Sorry, I admit I do not understand what exactly the argument is. Seems to me it is something like “if we succeed to make the Friendly AI perfectly on the first attempt, then we do not have to worry about what could go wrong, because the perfect Friendly AI would not do anything stupid”. Which I agree with.
Now the question is (1) what is the probability that we will not get the Friendly AI perfectly on the first attempt, and (2) what happens then? Suppose we got the “superintelligent” and “self-improving” parts correctly, and the “Friendly” part 90% correctly...
As to not understanding the argument—that’s understandable, because this is a long and dense paper.
If you are trying to summarize the whole paper when you say “if we succeed to make the Friendly AI perfectly on the first attempt, then we do not have to worry about what could go wrong, because the perfect Friendly AI would not do anything stupid”, then that would not be right. The argument includes a statement that resembles that, but only as an aside.
As to your question about what happens next, or what happens if we only get the “Friendly” part 90% correct …. well, you are dragging me off into new territory, because that was not really within the scope of the paper. Don’t get me wrong: I like being dragged off into that territory! But there just isn’t time to write down and argue the whole domain of AI friendliness all in one sitting.
The preliminary answer to that question is that everything depends on the details of the motivation system design and my feeling (as a designer of AGI motivation systems) is that beyond a certain point the system is self-stabilizing. That is, it will understand its own limitations and try to correct them.
But that last statement tends to get (some other) people inflamed, because they do not realize that it comes within the “swarm relaxation” context, and they misunderstand the manner in which a system would self correct.
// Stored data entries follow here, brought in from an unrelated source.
definition gens :: "nat \<Rightarrow> nat \<Rightarrow> nat \<Rightarrow> complex \<Rightarrow> complex \<Rightarrow> (nat \<Rightarrow> complex) \<Rightarrow> skew set" where
  "gens l p n hbar c cm =
     \<comment> \<open>multiplication by U_i\<close>
     {skscal (emb (mvar i)) | i. i < n}
   \<union> \<comment> \<open>f \<mapsto> f^{w_i} + c l (f^{w_i} - f)/(U_{i+1} - U_i)\<close>
     {skadd (skterm (1 + emb (mconst (c * of_nat l)) / emb (mvar (Suc i) - mvar i)) ((\<lambda>_. 0), swapw i))
            (skscal (- (emb (mconst (c * of_nat l)) / emb (mvar (Suc i) - mvar i)))) | i. Suc i < n}
   \<union> \<comment> \<open>f \<mapsto> prod_{m<l} (U_1 + l hbar - s_m) f(U_2,...,U_n,U_1 + l hbar)\<close>
     {skterm (emb (\<Prod>m<l. mvar 0 + mconst (of_nat l * hbar - spar l cm hbar m)))
             ((\<lambda>k. if k = 0 then int l else 0), cycw n 1)}
   \<union> \<comment> \<open>f \<mapsto> f(U_n - l hbar, U_1, ..., U_{n-1})\<close>
     {skterm 1 ((\<lambda>k. if k = n - 1 then - int l else 0), cycw n (n - 1))}
   \<union> \<comment> \<open>f \<mapsto> prod_i prod_{m<l/p} (U_i + l hbar/p - s_m) f(U + l hbar/p)\<close>
     {skterm (emb (\<Prod>i<n. \<Prod>m<l div p. mvar i + mconst (of_nat (l div p) * hbar - spar l cm hbar m)))
             ((\<lambda>k. if k < n then int (l div p) else 0), id)}
   \<union> \<comment> \<open>f \<mapsto> f(U - l hbar/p)\<close>
     {skterm 1 ((\<lambda>k. if k < n then - int (l div p) else 0), id)}
   \<union> \<comment> \<open>1 \<le> i \<le> n-1, 1 \<le> j \<le> p-1\<close>
     {skterm (emb (\<Prod>r<i. \<Prod>m<j * (l div p). mvar r + mconst (of_nat (j * (l div p)) * hbar - spar l cm hbar m)))
             ((\<lambda>k. if k < n then (if k < i then int (j * (l div p)) else int (j * (l div p)) - int l) else 0),
              cycw n i)
       | i j. 1 \<le> i \<and> i \<le> n - 1 \<and> 1 \<le> j \<and> j \<le> p - 1}"

inductive_set subalg :: "complex \<Rightarrow> skew set \<Rightarrow> skew set" for hbar S where
  gen: "x \<in> S \<Longrightarrow> x \<in> subalg hbar S"
| const: "skscal (emb (mconst a)) \<in> subalg hbar S"
| add: "x \<in> subalg hbar S \<Longrightarrow> y \<in> subalg hbar S \<Longrightarrow> skadd x y \<in> subalg hbar S"
| mul: "x \<in> subalg hbar S \<Longrightarrow> y \<in> subalg hbar S \<Longrightarrow> skmul hbar x y \<in> subalg hbar S"

definition sphAlg :: "nat \<Rightarrow> nat \<Rightarrow> nat \<Rightarrow> complex \<Rightarrow> complex \<Rightarrow> (nat \<Rightarrow> complex) \<Rightarrow> skew set" where
  "sphAlg l p n hbar c cm = subalg hbar (gens l p n hbar c cm)"

inductive_set rspan :: "complex \<Rightarrow> skew set \<Rightarrow> rfun set \<Rightarrow> skew set" for hbar U K where
  zero: "sk0 \<in> rspan hbar U K"
| trm: "u \<in> U \<Longrightarrow> a \<in> K \<Longrightarrow> skmul hbar u (skscal a) \<in> rspan hbar U K"
| add: "x \<in> rspan hbar U K \<Longrightarrow> y \<in> rspan hbar U K \<Longrightarrow> skadd x y \<in> rspan hbar U K"

inductive_set lspan :: "complex \<Rightarrow> rfun set \<Rightarrow> skew set \<Rightarrow> skew set" for hbar K U where
  zero: "sk0 \<in> lspan hbar K U"
| trm: "u \<in> U \<Longrightarrow> a \<in> K \<Longrightarrow> skmul hbar (skscal a) u \<in> lspan hbar K U"
| add: "x \<in> lspan hbar K U \<Longrightarrow> y \<in> lspan hbar K U \<Longrightarrow> skadd x y \<in> lspan hbar K U"

definition galois_ring :: "nat \<Rightarrow> nat \<Rightarrow> nat \<Rightarrow> complex \<Rightarrow> skew set \<Rightarrow> bool" where
  "galois_ring l p n hbar U \<longleftrightarrow>
     U \<subseteq> Skew l p n \<and>
     skscal ` emb ` Gam n \<subseteq> U \<and>
     rspan hbar U (Kfield n) = Skew l p n \<and>
     lspan hbar (Kfield n) U = Skew l p n"

end

theory Submission
  imports Defs
begin

text \<open>
  The algebra e'H_pe' lies in the skew ring and contains the generators U_i, hence C[U].
  The substance is that for every g in T \<rtimes> S_n it contains a monomial a g with a \<noteq> 0.
  Such g form a monoid, since g acts on K by automorphisms and so (a g)(b h) = a g(b) gh
  with g(b) \<noteq> 0. If u has a nonzero coefficient at g, then u U_j - h(U_j) u has
  coefficient u_g (g(U_j) - h(U_j)) at g and 0 at h; as \<hbar> \<noteq> 0, distinct group elements
  differ on some U_j, so finitely many such steps isolate the g-term of u. Hence every
  generator contributes a monomial at its group element, and these group elements generate
  T \<rtimes> S_n: the adjacent transpositions give S_n, the two cyclic generators times permutations
  give the translations by \<ell>e_1 and -\<ell>e_n, conjugating by S_n gives \<plusminus>\<ell>e_i, and two more
  generators give \<plusminus>(\<ell>/p)(e_1 + ... + e_n). Finally, with c g in the algebra, any b g equals
  (b/c)(c g) = (c g) g^{-1}(b/c).
\<close>

section \<open>Polynomials, substitutions and rational functions\<close>

lemma mconst_add: "mconst (a + b) = mconst a + mconst b"
  by (simp add: mconst_def single_add)

lemma mconst_mult: "mconst (a * b) = mconst a * mconst b"
  by (simp add: mconst_def mult_single)

lemma mconst_0 [simp]: "mconst 0 = 0"
  by (simp add: mconst_def)

lemma mconst_1 [simp]: "mconst 1 = 1"
  by (simp add: mconst_def)

lemma poly_mapping_sum_single:
  fixes p :: "'a \<Rightarrow>\<^sub>0 'b::comm_monoid_add"
  shows "p = (\<Sum>k\<in>Poly_Mapping.keys p. Poly_Mapping.single k (Poly_Mapping.lookup p k))"
proof -
  have lookup_sum: "finite I \<Longrightarrow>
      Poly_Mapping.lookup (\<Sum>k\<in>I. Poly_Mapping.single k (Poly_Mapping.lookup p k)) j =
        (if j \<in> I then Poly_Mapping.lookup p j else 0)" for I j
    by (induction I rule: finite_induct) (auto simp: lookup_single lookup_add when_def)
  show ?thesis
    by (rule poly_mapping_eqI) (fastforce simp add: in_keys_iff lookup_sum)
qed

lemma poly_mapping_induct [case_names zero single add]:
  fixes p :: "'a \<Rightarrow>\<^sub>0 'b::comm_monoid_add"
  assumes "P 0" "\<And>k v. P (Poly_Mapping.single k v)" "\<And>f g. P f \<Longrightarrow> P g \<Longrightarrow> P (f + g)"
  shows "P p"
proof -
  have "P (\<Sum>k\<in>I. Poly_Mapping.single k (Poly_Mapping.lookup p k))" if "finite I" for I
    using that by (induction I rule: finite_induct) (auto intro: assms)
  then show ?thesis
    using poly_mapping_sum_single[of p] by (metis finite_keys)
qed

definition subst_monom :: "(nat \<Rightarrow> mpoly) \<Rightarrow> (nat \<Rightarrow>\<^sub>0 nat) \<Rightarrow> mpoly" where
  "subst_monom \<sigma> m = (\<Prod>j\<in>Poly_Mapping.keys m. \<sigma> j ^ Poly_Mapping.lookup m j)"

lemma msubst_eq_sum_subst_monom:
  "msubst \<sigma> p = (\<Sum>m\<in>Poly_Mapping.keys p. mconst (Poly_Mapping.lookup p m) * subst_monom \<sigma> m)"
  by (simp add: msubst_def subst_monom_def)

lemma subst_monom_superset:
  assumes "finite A" "Poly_Mapping.keys m \<subseteq> A"
  shows "subst_monom \<sigma> m = (\<Prod>j\<in>A. \<sigma> j ^ Poly_Mapping.lookup m j)"
  unfolding subst_monom_def
  by (rule prod.mono_neutral_left) (auto simp: assms in_keys_iff)

lemma subst_monom_0 [simp]: "subst_monom \<sigma> 0 = 1"
  by (simp add: subst_monom_def)

lemma subst_monom_add: "subst_monom \<sigma> (m + m') = subst_monom \<sigma> m * subst_monom \<sigma> m'"
proof -
  let ?A = "Poly_Mapping.keys m \<union> Poly_Mapping.keys m'"
  have "subst_monom \<sigma> (m + m') = (\<Prod>j\<in>?A. \<sigma> j ^ Poly_Mapping.lookup (m + m') j)"
    by (rule subst_monom_superset) (auto simp: keys_add)
  also have "\<dots> = (\<Prod>j\<in>?A. \<sigma> j ^ Poly_Mapping.lookup m j) * (\<Prod>j\<in>?A. \<sigma> j ^ Poly_Mapping.lookup m' j)"
    by (simp add: lookup_add power_add prod.distrib)
  also have "\<dots> = subst_monom \<sigma> m * subst_monom \<sigma> m'"
    using subst_monom_superset[of ?A m \<sigma>] subst_monom_superset[of ?A m' \<sigma>] by auto
  finally show ?thesis .
qed

lemma msubst_superset:
  assumes "finite A" "Poly_Mapping.keys p \<subseteq> A"
  shows "msubst \<sigma> p = (\<Sum>m\<in>A. mconst (Poly_Mapping.lookup p m) * subst_monom \<sigma> m)"
  unfolding msubst_eq_sum_subst_monom
  by (rule sum.mono_neutral_left) (auto simp: assms in_keys_iff)

lemma msubst_0 [simp]: "msubst \<sigma> 0 = 0"
  by (simp add: msubst_def)

lemma msubst_add: "msubst \<sigma> (p + q) = msubst \<sigma> p + msubst \<sigma> q"
proof -
  let ?A = "Poly_Mapping.keys p \<union> Poly_Mapping.keys q"
  let ?t = "\<lambda>r m. mconst (Poly_Mapping.lookup r m) * subst_monom \<sigma> m"
  have "msubst \<sigma> (p + q) = (\<Sum>m\<in>?A. ?t (p + q) m)"
    by (rule msubst_superset) (auto simp: keys_add)
  also have "\<dots> = (\<Sum>m\<in>?A. ?t p m) + (\<Sum>m\<in>?A. ?t q m)"
    by (simp add: lookup_add mconst_add distrib_right sum.distrib)
  also have "\<dots> = msubst \<sigma> p + msubst \<sigma> q"
    using msubst_superset[of ?A p \<sigma>] msubst_superset[of ?A q \<sigma>] by auto
  finally show ?thesis .
qed

lemma msubst_single: "msubst \<sigma> (Poly_Mapping.single m c) = mconst c * subst_monom \<sigma> m"
  by (simp add: msubst_eq_sum_subst_monom)

lemma msubst_mult: "msubst \<sigma> (p * q) = msubst \<sigma> p * msubst \<sigma> q"
proof (induction p rule: poly_mapping_induct)
  case (single k v)
  show ?case
  proof (induction q rule: poly_mapping_induct)
    case (single k' v')
    show ?case by (simp add: mult_single msubst_single subst_monom_add mconst_mult ac_simps)
  qed (simp_all add: distrib_left msubst_add)
qed (simp_all add: distrib_right msubst_add)

lemma msubst_mconst [simp]: "msubst \<sigma> (mconst c) = mconst c"
  using msubst_single[of \<sigma> 0 c] by (simp add: mconst_def)

lemma msubst_mvar [simp]: "msubst \<sigma> (mvar j) = \<sigma> j"
  by (simp add: mvar_def msubst_single subst_monom_def)

lemma msubst_1 [simp]: "msubst \<sigma> 1 = 1"
  using msubst_mconst[of \<sigma> 1] by simp

lemma msubst_power: "msubst \<sigma> (p ^ k) = msubst \<sigma> p ^ k"
  by (induction k) (simp_all add: msubst_mult)

lemma msubst_prod: "msubst \<sigma> (\<Prod>i\<in>I. f i) = (\<Prod>i\<in>I. msubst \<sigma> (f i))"
  by (induction I rule: infinite_finite_induct) (simp_all add: msubst_mult)

lemma msubst_sum: "msubst \<sigma> (\<Sum>i\<in>I. f i) = (\<Sum>i\<in>I. msubst \<sigma> (f i))"
  by (induction I rule: infinite_finite_induct) (simp_all add: msubst_add)

lemma msubst_msubst: "msubst \<tau> (msubst \<sigma> p) = msubst (\<lambda>j. msubst \<tau> (\<sigma> j)) p"
  by (simp only: msubst_eq_sum_subst_monom[of \<sigma>] msubst_eq_sum_subst_monom[of "\<lambda>j. msubst \<tau> (\<sigma> j)"]
      msubst_sum msubst_mult msubst_mconst subst_monom_def msubst_prod msubst_power)

lemma mvar_power: "mvar j ^ k = Poly_Mapping.single (Poly_Mapping.single j k) 1"
  by (induction k) (simp_all add: mvar_def mult_single single_add[symmetric])

lemma subst_monom_mvar: "subst_monom mvar m = Poly_Mapping.single m 1"
proof (induction m rule: poly_mapping_induct)
  case (single k v)
  show ?case by (simp add: subst_monom_def mvar_power)
qed (simp_all add: subst_monom_add mult_single)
Although I said a few things about swarm relaxation in the paper, I did not give enough detail to be able to address this whole topic here.
I understand your desire to stick to an exegesis of your own essay, but part of a critical examination of your essay is seeing whether or not it is on point, so these sorts of questions really are “about” your essay.
Regardng your preliminary answer, I by “correct” I assume you mean “correctly reflecting the desires of the human supervisors”? (In which case, this discussion feeds into our other thread.)
With the best will in the world, I have to focus on one topic at a time: I do not have the bandwidth to wander across the whole of this enormous landscape.
As your question: I was using “correct” as a verb, and the meaning was “self-correct” in the sense of bringing back to the previosuly specified course.
In this case this would be about the AI perceiving some aspects of its design that it noticed might cause it to depart from what it’s goal was nominally supposed to be. In that case it would suggest modifications to correct the problem.
Sorry, I admit I do not understand what exactly the argument is. Seems to me it is something like “if we succeed to make the Friendly AI perfectly on the first attempt, then we do not have to worry about what could go wrong, because the perfect Friendly AI would not do anything stupid”. Which I agree with.
Now the question is (1) what is the probability that we will not get the Friendly AI perfectly on the first attempt, and (2) what happens then? Suppose we got the “superintelligent” and “self-improving” parts correctly, and the “Friendly” part 90% correctly...
As to not understanding the argument—that’s understandable, because this is a long and dense paper.
If you are trying to summarize the whole paper when you say “if we succeed to make the Friendly AI perfectly on the first attempt, then we do not have to worry about what could go wrong, because the perfect Friendly AI would not do anything stupid”, then that would not be right. The argument includes a statement that resembles that, but only as an aside.
As to your question about what happens next, or what happens if we only get the “Friendly” part 90% correct …. well, you are dragging me off into new territory, because that was not really within the scope of the paper. Don’t get me wrong: I like being dragged off into that territory! But there just isn’t time to write down and argue the whole domain of AI friendliness all in one sitting.
The preliminary answer to that question is that everything depends on the details of the motivation system design and my feeling (as a designer of AGI motivation systems) is that beyond a certain point the system is self-stabilizing. That is, it will understand its own limitations and try to correct them.
But that last statement tends to get (some other) people inflamed, because they do not realize that it comes within the “swarm relaxation” context, and they misunderstand the manner in which a system would self correct. Although I said a few things about swarm relaxation in the paper, I did not give enough detail to be able to address this whole topic here.
I understand your desire to stick to an exegesis of your own essay, but part of a critical examination of your essay is seeing whether or not it is on point, so these sorts of questions really are “about” your essay.
Regardng your preliminary answer, I by “correct” I assume you mean “correctly reflecting the desires of the human supervisors”? (In which case, this discussion feeds into our other thread.)
With the best will in the world, I have to focus on one topic at a time: I do not have the bandwidth to wander across the whole of this enormous landscape.
As your question: I was using “correct” as a verb, and the meaning was “self-correct” in the sense of bringing back to the previosuly specified course.
In this case this would be about the AI perceiving some aspects of its design that it noticed might cause it to depart from what it’s goal was nominally supposed to be. In that case it would suggest modifications to correct the problem.